Source data START

locale two_big_quads = slim_dense_near_hexagon +
  fixes Q1 Q2 Q :: "'a set"
  assumes big_quad_Q1: "big_quad P L Q1" and big_quad_Q2: "big_quad P L Q2"
    and Q1_Q2_disjoint: "Q1 \<inter> Q2 = {}" and big_quad_Q: "big_quad P L Q"
    and Q_disjoint_Y: "Q \<inter> generated_subspace P L (Q1 \<union> Q2) = {}"
begin

abbreviation Y :: "'a set" where "Y \<equiv> generated_subspace P L (Q1 \<union> Q2)"

lemma Q1_Q2_subset_Y: "Q1 \<union> Q2 \<subseteq> Y"
  unfolding generated_subspace_def by blast

lemma subspace_Y: "subspace P L Y"
  using subspace_generated_subspace quad_subset big_quad_Q1 big_quad_Q2
  by (simp add: big_quad_def)

end

sublocale two_big_quads \<subseteq> Q1: big_quad_in_subspace P L Q1 "generated_subspace P L (Q1 \<union> Q2)" Q
  using big_quad_Q1 big_quad_Q Q1_Q2_subset_Y subspace_Y Q_disjoint_Y by unfold_locales auto

sublocale two_big_quads \<subseteq> Q2: big_quad_in_subspace P L Q2 "generated_subspace P L (Q1 \<union> Q2)" Q
  using big_quad_Q2 big_quad_Q Q1_Q2_subset_Y subspace_Y Q_disjoint_Y by unfold_locales auto

context two_big_quads
begin

abbreviation p1 :: "'a \<Rightarrow> 'a" where "p1 \<equiv> proj_pt L Q1"
abbreviation p2 :: "'a \<Rightarrow> 'a" where "p2 \<equiv> proj_pt L Q2"
abbreviation p12 :: "'a \<Rightarrow> 'a" where "p12 z \<equiv> p1 (p2 z)"

lemma in_P [simp]: "u \<in> Q1 \<Longrightarrow> u \<in> P" "u \<in> Q2 \<Longrightarrow> u \<in> P" "u \<in> Q \<Longrightarrow> u \<in> P"
  using Q1.X_subset Q2.X_subset Q1.Q_subset by auto

lemma notin_Q1_Q2_Y_if_in_Q [simp]:
  "u \<in> Q \<Longrightarrow> u \<notin> Q1" "u \<in> Q \<Longrightarrow> u \<notin> Q2" "u \<in> Q \<Longrightarrow> u \<notin> Y"
  using Q1.notin_X_if_in_Q Q2.notin_X_if_in_Q Q_disjoint_Y by auto

lemma Q1_Q2_disjointD: "u \<in> Q1 \<Longrightarrow> u \<notin> Q2" "u \<in> Q2 \<Longrightarrow> u \<notin> Q1"
  using Q1_Q2_disjoint by auto

text \<open>Only one direction of \<open>Q1 \<inter> Q2 = {}\<close> is a simp rule: both together make the simplifier loop.\<close>

declare Q1_Q2_disjointD(1) [simp]

lemma proj_notin_other [simp]:
  "z \<in> P \<Longrightarrow> z \<notin> Q2 \<Longrightarrow> p2 z \<notin> Q1" "z \<in> P \<Longrightarrow> z \<notin> Q1 \<Longrightarrow> p1 z \<notin> Q2"
  using Q1.proj_neighbour Q2.proj_neighbour Q1_Q2_disjointD by blast+

lemma notin_Q_if_in_Q1_Q2: "u \<in> Q1 \<Longrightarrow> u \<notin> Q" "u \<in> Q2 \<Longrightarrow> u \<notin> Q"
  using Q1.notin_X_if_in_Q Q2.notin_X_if_in_Q by auto

lemma p12_in_Q1: "z \<in> P \<Longrightarrow> z \<notin> Q2 \<Longrightarrow> p12 z \<in> Q1"
  using Q1.proj_neighbour[of "p2 z"] Q2.proj_neighbour[of z] by simp

lemma p1_p2: "u \<in> Q1 \<Longrightarrow> p1 (p2 u) = u"
  using Q2.proj_neighbour[of u] Q1.proj_eqI[of "p2 u" u] adj_commute by simp

lemma p2_p1: "v \<in> Q2 \<Longrightarrow> p2 (p1 v) = v"
  using Q1.proj_neighbour[of v] Q2.proj_eqI[of "p1 v" v] Q1_Q2_disjointD(2)[of v] adj_commute
  by simp

lemma dist_p1_on_Q2:
  assumes "u \<in> Q2" "v \<in> Q2"
  shows "d (p1 u) (p1 v) = d u v"
proof -
  have v1: "p1 v \<in> Q1" using Q1.proj_neighbour assms(2) Q1_Q2_disjointD(2) by simp
  have "d u (p1 v) = d (p1 u) (p1 v) + 1"
    using Q1.dist_proj assms(1) v1 Q1_Q2_disjointD(2)[of u] by simp
  moreover have "d (p1 v) u = d v u + 1" using Q2.dist_proj[of "p1 v" u] v1 assms p2_p1 by simp
  ultimately show ?thesis using dist_commute assms v1 by simp
qed

lemma dist_p2_Q1:
  assumes "a \<in> Q1" "b \<in> Q1"
  shows "d (p2 a) b = d a b + 1"
  using Q1.dist_proj[of "p2 a" b] Q2.proj_neighbour[of a] assms p1_p2 by simp

lemma dist_p1_p12_le:
  assumes z: "z \<in> P" "z \<notin> Q1" "z \<notin> Q2"
  shows "d (p1 z) (p12 z) \<le> 1"
proof -
  have a: "p1 z \<in> Q1" "adj z (p1 z)" using Q1.proj_neighbour z by auto
  have b: "p2 z \<in> Q2" using Q2.proj_neighbour z by auto
  have c: "p2 (p1 z) \<in> Q2" "adj (p1 z) (p2 (p1 z))" using Q2.proj_neighbour[of "p1 z"] a(1) by auto
  have "d z (p2 (p1 z)) \<le> d z (p1 z) + d (p1 z) (p2 (p1 z))"
    using dist_triangle z(1) a(1) c(1) by simp
  then have "d z (p2 (p1 z)) \<le> 2" using a(2) c(2) dist_adj by simp
  moreover have "d z (p2 (p1 z)) = d (p2 z) (p2 (p1 z)) + 1" using Q2.dist_proj z c(1) by blast
  ultimately have "d (p2 z) (p2 (p1 z)) \<le> 1" by simp
  then have "d (p12 z) (p1 z) \<le> 1" using dist_p1_on_Q2[OF b c(1)] p1_p2[OF a(1)] by simp
  moreover have "p12 z \<in> P" using p12_in_Q1 z(1,3) by simp
  ultimately show ?thesis using dist_commute a(1) by simp
qed

text \<open>If \<open>p1 z = p12 z\<close>, then \<open>p1 z\<close> is collinear with \<open>p2 z\<close>, so \<open>z\<close>, \<open>p1 z\<close>, \<open>p2 z\<close> span a line
  meeting \<open>Y\<close> twice.\<close>

lemma adj_p1_p12:
  assumes z: "z \<in> P" "z \<notin> Y"
  shows "adj (p1 z) (p12 z)"
proof -
  have zQ: "z \<notin> Q1" "z \<notin> Q2" using z(2) Q1_Q2_subset_Y by auto
  have a: "p1 z \<in> Q1" "adj z (p1 z)" and b: "p2 z \<in> Q2" "adj z (p2 z)"
    using Q1.proj_neighbour Q2.proj_neighbour z(1) zQ by auto
  have "p1 z \<noteq> p12 z"
  proof
    assume "p1 z = p12 z"
    then have "p2 (p1 z) = p2 z" using p2_p1 b(1) by simp
    then have "adj (p1 z) (p2 z)" using Q2.proj_neighbour[of "p1 z"] a(1) by simp
    then obtain l where l: "l \<in> L" "z \<in> l" "p1 z \<in> l" "p2 z \<in> l"
      using line_through_triangle a(2) b(2) by blast
    have "p1 z \<noteq> p2 z" using a(1) b(1) by auto
    then have "l \<subseteq> Y"
      using subspace_line[OF subspace_Y l(1,3,4)] a(1) b(1) Q1_Q2_subset_Y by blast
    then show False using l(2) z(2) by blast
  qed
  moreover have "p12 z \<in> P" using p12_in_Q1 z(1) zQ(2) by simp
  ultimately show ?thesis
    using adj_if_dist_le_1 dist_p1_p12_le[OF z(1) zQ] a(1) by simp
qed
(* Let $n \geq 2$ be a power of 2. Then $\mathsf{QNAADT}(\mathsf{ADDR}_n) = \Theta(n)$.
   Context: $\mathsf{ADDR}_n:\{0,1\}^{\log n+n}\to\{0,1\}$ is $\mathsf{ADDR}_n(x,y)=y_{\mathsf{bin}(x)}$ for $x\in\{0,1\}^{\log n}$, $y\in\{0,1\}^n$, where $\mathsf{bin}(x)\in[n]$ is the integer whose binary representation is $x$. $\mathsf{AND}_S(z)=\prod_{i\in S}z_i$. A quantum non-adaptive AND decision tree of cost $c$ for a function on $m$ bits works on $|S_1,\dots,S_c\rangle|b\rangle|w\rangle$ with $S_j\subseteq[m]$, $b\in\{0,1\}^c$, arbitrary workspace; it starts from an input-independent state $|\psi\rangle$, applies once the oracle $O_z$ mapping $|S_1,\dots,S_c\rangle|b_1,\dots,b_c\rangle|w\rangle$ to $|S_1,\dots,S_c\rangle|b_1\oplus\mathsf{AND}_{S_1}(z),\dots,b_c\oplus\mathsf{AND}_{S_c}(z)\rangle|w\rangle$, and accepts with probability $\|\Pi O_z|\psi\rangle\|^2$ for a fixed projector $\Pi$; $\mathsf{QNAADT}(f)$ is the minimum cost of one computing $f$ with success probability at least $2/3$ on every input. *)

theory Defs
  imports Complex_Main
begin

(* Inputs on m bits are bool lists of length m, bit i is z ! i (0-indexed). *)
definition AND_S :: "nat set \<Rightarrow> bool list \<Rightarrow> bool" where
  "AND_S S z = (\<forall>i\<in>S. z ! i)"

(* computational basis |S_1..S_c>|b_1..b_c>|w>, workspace basis {0..<d} *)
type_synonym qbasis = "nat set list \<times> bool list \<times> nat"

definition qbasis_set :: "nat \<Rightarrow> nat \<Rightarrow> nat \<Rightarrow> qbasis set" where
  "qbasis_set m c d = {(Ss, b, w). length Ss = c \<and> (\<forall>S\<in>set Ss. S \<subseteq> {..<m})
                                 \<and> length b = c \<and> w < d}"

(* O_z |S,b,w> = |S, b xor AND_S(z), w>, so (O_z psi)(S,b,w) = psi(S, b xor AND_S(z), w) *)
definition query_op :: "bool list \<Rightarrow> (qbasis \<Rightarrow> complex) \<Rightarrow> qbasis \<Rightarrow> complex" where
  "query_op z \<psi> = (\<lambda>(Ss, b, w). \<psi> (Ss, map2 (\<noteq>) b (map (\<lambda>S. AND_S S z) Ss), w))"

definition apply_op :: "qbasis set \<Rightarrow> (qbasis \<Rightarrow> qbasis \<Rightarrow> complex) \<Rightarrow> (qbasis \<Rightarrow> complex) \<Rightarrow> qbasis \<Rightarrow> complex" where
  "apply_op B P \<psi> = (\<lambda>x. \<Sum>y\<in>B. P x y * \<psi> y)"

definition is_projector :: "qbasis set \<Rightarrow> (qbasis \<Rightarrow> qbasis \<Rightarrow> complex) \<Rightarrow> bool" where
  "is_projector B P = ((\<forall>x\<in>B. \<forall>y\<in>B. P x y = cnj (P y x)) \<and>
                       (\<forall>x\<in>B. \<forall>y\<in>B. (\<Sum>k\<in>B. P x k * P k y) = P x y))"

definition sqnorm :: "qbasis set \<Rightarrow> (qbasis \<Rightarrow> complex) \<Rightarrow> real" where
  "sqnorm B \<psi> = (\<Sum>x\<in>B. (cmod (\<psi> x))\<^sup>2)"

definition accept_prob :: "nat \<Rightarrow> nat \<Rightarrow> nat \<Rightarrow> (qbasis \<Rightarrow> complex) \<Rightarrow> (qbasis \<Rightarrow> qbasis \<Rightarrow> complex)
                            \<Rightarrow> bool list \<Rightarrow> real" where
  "accept_prob m c d \<psi> P z =
     sqnorm (qbasis_set m c d) (apply_op (qbasis_set m c d) P (query_op z \<psi>))"

(* there is a quantum non-adaptive AND decision tree of cost c computing f on m bits
   with success probability >= 2/3 on every input *)
definition qnaadt_computes :: "nat \<Rightarrow> (bool list \<Rightarrow> bool) \<Rightarrow> nat \<Rightarrow> bool" where
  "qnaadt_computes m f c = (\<exists>d \<psi> P.
      sqnorm (qbasis_set m c d) \<psi> = 1 \<and> is_projector (qbasis_set m c d) P \<and>
      (\<forall>z. length z = m \<longrightarrow>
         (if f z then accept_prob m c d \<psi> P z \<ge> 2/3
                 else 1 - accept_prob m c d \<psi> P z \<ge> 2/3)))"

definition QNAADT :: "nat \<Rightarrow> (bool list \<Rightarrow> bool) \<Rightarrow> nat" where
  "QNAADT m f = (LEAST c. qnaadt_computes m f c)"

(* bin: integer with binary representation xs, most significant bit first; value in {0..<2^length xs} *)
definition bin :: "bool list \<Rightarrow> nat" where
  "bin xs = foldl (\<lambda>a bit. 2 * a + of_bool bit) 0 xs"

(* ADDR_n for n = 2^k on k + n bits: x = first k bits, y = last n bits, output y_{bin x} (0-indexed) *)
definition ADDR :: "nat \<Rightarrow> bool list \<Rightarrow> bool" where
  "ADDR k z = (drop k z) ! bin (take k z)"

end

(* Upper bound: querying each of the k + n input bits with a singleton AND set computes
   every function, at cost k + n < 2n.

   Lower bound, by a hybrid argument: for an address a, the inputs (a, e_a) and (a, 0) must be
   accepted resp. rejected, and the oracle acts identically on them except on basis states
   containing an AND set S that sees the difference, which forces max S = k + a.  Since a
   projector does not increase norms, the squared amplitude of the initial state on such basis
   states is at least 1/100.  A basis state holds only c sets, so it contributes to at most c
   addresses, and summing over the n addresses gives n/100 <= c. *)

theory Submission
  imports Defs "HOL-Analysis.L2_Norm"
begin

definition qnorm :: "qbasis set \<Rightarrow> (qbasis \<Rightarrow> complex) \<Rightarrow> real" where
  "qnorm B u = L2_set (\<lambda>x. cmod (u x)) B"

lemma sqnorm_eq_qnorm_sq: "sqnorm B u = (qnorm B u)\<^sup>2"
  unfolding sqnorm_def qnorm_def L2_set_def by (simp add: sum_nonneg)

lemma qnorm_nonneg: "0 \<le> qnorm B u"
  unfolding qnorm_def by (rule L2_set_nonneg)

lemma qnorm_add_le: "qnorm B (\<lambda>x. u x + v x) \<le> qnorm B u + qnorm B v"
proof -
  have "qnorm B (\<lambda>x. u x + v x) \<le> L2_set (\<lambda>x. cmod (u x) + cmod (v x)) B"
    unfolding qnorm_def by (rule L2_set_mono) (auto simp: norm_triangle_ineq)
  also have "\<dots> \<le> qnorm B u + qnorm B v"
    unfolding qnorm_def by (rule L2_set_triangle_ineq)
  finally show ?thesis .
qed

Source data END

> Brief
Every line in the records that holds the word "noteq" should be copied into the answer.

> Finished exercise
  have "p1 z \<noteq> p12 z"
    have "p1 z \<noteq> p2 z" using a(1) b(1) by auto
  "query_op z \<psi> = (\<lambda>(Ss, b, w). \<psi> (Ss, map2 (\<noteq>) b (map (\<lambda>S. AND_S S z) Ss), w))"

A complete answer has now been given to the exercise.